▸ **THE TASK**:
In the listing below, find the line containing "by (simp add: qrun_append)" and the line containing "w' v)\<bar> <". Repeat exactly those two lines and every line between them, nothing more.
:: RECORDS ::
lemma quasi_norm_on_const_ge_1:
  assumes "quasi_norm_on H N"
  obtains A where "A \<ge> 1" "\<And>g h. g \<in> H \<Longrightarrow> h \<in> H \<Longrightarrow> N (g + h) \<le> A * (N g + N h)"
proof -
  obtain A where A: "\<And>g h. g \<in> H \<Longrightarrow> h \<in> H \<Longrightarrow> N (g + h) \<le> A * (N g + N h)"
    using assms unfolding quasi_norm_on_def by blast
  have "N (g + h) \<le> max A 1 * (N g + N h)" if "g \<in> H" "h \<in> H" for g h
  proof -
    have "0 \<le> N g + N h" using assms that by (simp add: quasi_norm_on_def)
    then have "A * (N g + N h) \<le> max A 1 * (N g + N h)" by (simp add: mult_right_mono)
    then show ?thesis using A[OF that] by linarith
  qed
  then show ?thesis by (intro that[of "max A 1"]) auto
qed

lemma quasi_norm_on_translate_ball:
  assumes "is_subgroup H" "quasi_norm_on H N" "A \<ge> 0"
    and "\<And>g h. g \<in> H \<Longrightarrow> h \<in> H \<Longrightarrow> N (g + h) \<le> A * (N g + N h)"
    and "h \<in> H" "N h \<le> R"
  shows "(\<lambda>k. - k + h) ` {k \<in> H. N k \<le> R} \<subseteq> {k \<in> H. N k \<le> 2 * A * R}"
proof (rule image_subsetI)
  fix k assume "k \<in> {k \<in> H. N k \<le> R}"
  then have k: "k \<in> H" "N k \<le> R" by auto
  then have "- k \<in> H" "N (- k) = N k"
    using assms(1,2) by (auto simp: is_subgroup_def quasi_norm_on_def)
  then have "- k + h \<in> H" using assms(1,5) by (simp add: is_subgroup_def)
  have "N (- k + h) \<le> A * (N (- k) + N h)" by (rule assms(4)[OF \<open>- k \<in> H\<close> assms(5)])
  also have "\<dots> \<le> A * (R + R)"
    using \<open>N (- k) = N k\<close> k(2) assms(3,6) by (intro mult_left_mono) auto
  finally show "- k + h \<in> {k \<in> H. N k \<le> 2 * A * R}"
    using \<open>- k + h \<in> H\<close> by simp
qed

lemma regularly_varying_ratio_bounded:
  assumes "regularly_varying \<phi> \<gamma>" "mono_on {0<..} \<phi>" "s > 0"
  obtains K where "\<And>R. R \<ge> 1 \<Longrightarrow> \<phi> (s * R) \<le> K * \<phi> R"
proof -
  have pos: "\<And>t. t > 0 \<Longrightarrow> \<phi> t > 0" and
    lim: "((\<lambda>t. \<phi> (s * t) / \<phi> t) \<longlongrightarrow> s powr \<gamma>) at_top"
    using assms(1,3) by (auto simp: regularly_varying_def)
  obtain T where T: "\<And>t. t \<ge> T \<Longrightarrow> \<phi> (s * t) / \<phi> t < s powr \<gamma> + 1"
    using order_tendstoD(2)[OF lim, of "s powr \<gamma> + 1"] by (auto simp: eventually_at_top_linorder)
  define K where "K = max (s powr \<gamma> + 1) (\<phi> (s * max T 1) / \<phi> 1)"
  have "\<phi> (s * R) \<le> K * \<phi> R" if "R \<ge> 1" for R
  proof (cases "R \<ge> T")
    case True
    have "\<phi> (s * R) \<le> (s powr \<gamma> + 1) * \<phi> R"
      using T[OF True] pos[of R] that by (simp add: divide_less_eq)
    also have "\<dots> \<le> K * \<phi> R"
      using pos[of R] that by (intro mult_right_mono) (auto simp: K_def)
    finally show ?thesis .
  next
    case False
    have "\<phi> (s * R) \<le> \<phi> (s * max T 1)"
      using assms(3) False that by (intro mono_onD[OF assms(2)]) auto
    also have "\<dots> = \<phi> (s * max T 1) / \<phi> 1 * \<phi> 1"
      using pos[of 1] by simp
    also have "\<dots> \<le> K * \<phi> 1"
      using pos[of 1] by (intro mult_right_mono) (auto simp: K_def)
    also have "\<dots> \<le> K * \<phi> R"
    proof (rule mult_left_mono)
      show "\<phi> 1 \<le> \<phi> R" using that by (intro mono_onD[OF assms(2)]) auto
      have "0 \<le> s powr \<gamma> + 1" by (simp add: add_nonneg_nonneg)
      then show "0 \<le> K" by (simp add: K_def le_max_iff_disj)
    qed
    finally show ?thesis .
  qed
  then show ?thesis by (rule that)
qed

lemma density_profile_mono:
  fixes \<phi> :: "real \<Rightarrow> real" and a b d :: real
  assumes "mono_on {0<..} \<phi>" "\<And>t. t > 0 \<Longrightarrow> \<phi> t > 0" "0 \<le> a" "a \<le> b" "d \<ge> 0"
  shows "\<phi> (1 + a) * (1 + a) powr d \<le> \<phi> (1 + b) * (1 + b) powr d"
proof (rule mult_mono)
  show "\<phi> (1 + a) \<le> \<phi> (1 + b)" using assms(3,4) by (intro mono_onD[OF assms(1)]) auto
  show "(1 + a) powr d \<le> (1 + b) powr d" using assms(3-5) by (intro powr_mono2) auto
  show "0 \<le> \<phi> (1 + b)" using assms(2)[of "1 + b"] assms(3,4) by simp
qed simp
:::
:: RECORDS ::
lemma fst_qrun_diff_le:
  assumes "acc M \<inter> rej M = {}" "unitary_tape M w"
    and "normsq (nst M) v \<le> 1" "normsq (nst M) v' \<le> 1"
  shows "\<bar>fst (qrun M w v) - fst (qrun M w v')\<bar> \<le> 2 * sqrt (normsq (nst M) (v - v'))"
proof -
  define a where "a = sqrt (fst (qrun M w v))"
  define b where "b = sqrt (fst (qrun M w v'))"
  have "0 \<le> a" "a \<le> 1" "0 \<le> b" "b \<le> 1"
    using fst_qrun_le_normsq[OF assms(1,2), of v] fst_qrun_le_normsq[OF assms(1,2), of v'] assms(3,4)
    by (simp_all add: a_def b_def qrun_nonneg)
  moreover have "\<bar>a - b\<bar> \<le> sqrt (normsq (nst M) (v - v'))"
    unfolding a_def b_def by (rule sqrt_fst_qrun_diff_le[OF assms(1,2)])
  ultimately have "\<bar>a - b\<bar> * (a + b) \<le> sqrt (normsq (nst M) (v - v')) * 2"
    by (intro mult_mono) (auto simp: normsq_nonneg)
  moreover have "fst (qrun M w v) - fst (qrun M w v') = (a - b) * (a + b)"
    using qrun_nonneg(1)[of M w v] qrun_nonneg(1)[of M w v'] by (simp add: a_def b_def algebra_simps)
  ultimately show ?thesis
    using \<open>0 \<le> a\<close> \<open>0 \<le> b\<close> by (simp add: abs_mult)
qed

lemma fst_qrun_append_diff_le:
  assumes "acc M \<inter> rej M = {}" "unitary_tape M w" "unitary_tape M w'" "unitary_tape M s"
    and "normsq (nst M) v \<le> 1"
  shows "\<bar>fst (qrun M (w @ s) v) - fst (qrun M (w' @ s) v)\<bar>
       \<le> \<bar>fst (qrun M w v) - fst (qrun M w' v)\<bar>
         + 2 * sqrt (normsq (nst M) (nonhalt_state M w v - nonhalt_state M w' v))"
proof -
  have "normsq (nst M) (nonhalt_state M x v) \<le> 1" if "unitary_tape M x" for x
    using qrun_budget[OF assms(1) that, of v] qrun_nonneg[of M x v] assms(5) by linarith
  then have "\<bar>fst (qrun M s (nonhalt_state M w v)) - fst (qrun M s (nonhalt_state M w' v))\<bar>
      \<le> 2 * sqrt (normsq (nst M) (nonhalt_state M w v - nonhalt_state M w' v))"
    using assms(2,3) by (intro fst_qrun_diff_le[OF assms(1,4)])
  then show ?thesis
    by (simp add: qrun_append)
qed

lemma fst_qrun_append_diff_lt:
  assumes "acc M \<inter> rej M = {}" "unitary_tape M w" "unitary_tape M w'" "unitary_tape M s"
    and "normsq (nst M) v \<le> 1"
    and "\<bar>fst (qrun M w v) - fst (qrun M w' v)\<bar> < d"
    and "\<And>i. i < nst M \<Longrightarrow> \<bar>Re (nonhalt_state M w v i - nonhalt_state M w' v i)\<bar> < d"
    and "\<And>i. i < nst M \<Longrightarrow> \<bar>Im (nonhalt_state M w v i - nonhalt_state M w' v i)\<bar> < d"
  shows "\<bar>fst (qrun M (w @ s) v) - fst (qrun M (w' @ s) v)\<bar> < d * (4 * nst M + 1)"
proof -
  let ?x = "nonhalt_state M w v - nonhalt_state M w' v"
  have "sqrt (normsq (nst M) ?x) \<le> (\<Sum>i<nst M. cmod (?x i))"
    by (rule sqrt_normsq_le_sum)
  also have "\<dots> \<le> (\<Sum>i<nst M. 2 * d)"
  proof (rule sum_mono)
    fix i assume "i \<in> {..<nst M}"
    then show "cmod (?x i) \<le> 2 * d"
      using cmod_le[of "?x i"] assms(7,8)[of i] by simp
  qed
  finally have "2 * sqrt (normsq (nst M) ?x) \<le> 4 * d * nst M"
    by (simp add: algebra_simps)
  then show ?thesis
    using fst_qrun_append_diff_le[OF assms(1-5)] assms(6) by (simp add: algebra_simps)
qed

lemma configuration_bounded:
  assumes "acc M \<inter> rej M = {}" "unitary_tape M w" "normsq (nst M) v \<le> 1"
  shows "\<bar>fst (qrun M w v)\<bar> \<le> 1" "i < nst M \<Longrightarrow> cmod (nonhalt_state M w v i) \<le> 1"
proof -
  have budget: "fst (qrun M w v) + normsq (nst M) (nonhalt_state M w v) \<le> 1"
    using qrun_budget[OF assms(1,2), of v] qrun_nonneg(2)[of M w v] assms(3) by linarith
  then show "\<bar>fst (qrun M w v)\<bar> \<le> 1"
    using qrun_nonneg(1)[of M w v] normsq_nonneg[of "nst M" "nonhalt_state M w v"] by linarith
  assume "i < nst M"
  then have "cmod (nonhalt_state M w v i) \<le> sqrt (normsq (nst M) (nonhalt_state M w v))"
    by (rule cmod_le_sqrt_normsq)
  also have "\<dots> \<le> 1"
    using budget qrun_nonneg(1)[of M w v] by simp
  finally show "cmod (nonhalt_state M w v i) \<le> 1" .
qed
:::
▸ **RESPONSE FOR THIS EXERCISE**:
    by (simp add: qrun_append)
qed

lemma fst_qrun_append_diff_lt:
  assumes "acc M \<inter> rej M = {}" "unitary_tape M w" "unitary_tape M w'" "unitary_tape M s"
    and "normsq (nst M) v \<le> 1"
    and "\<bar>fst (qrun M w v) - fst (qrun M w' v)\<bar> < d"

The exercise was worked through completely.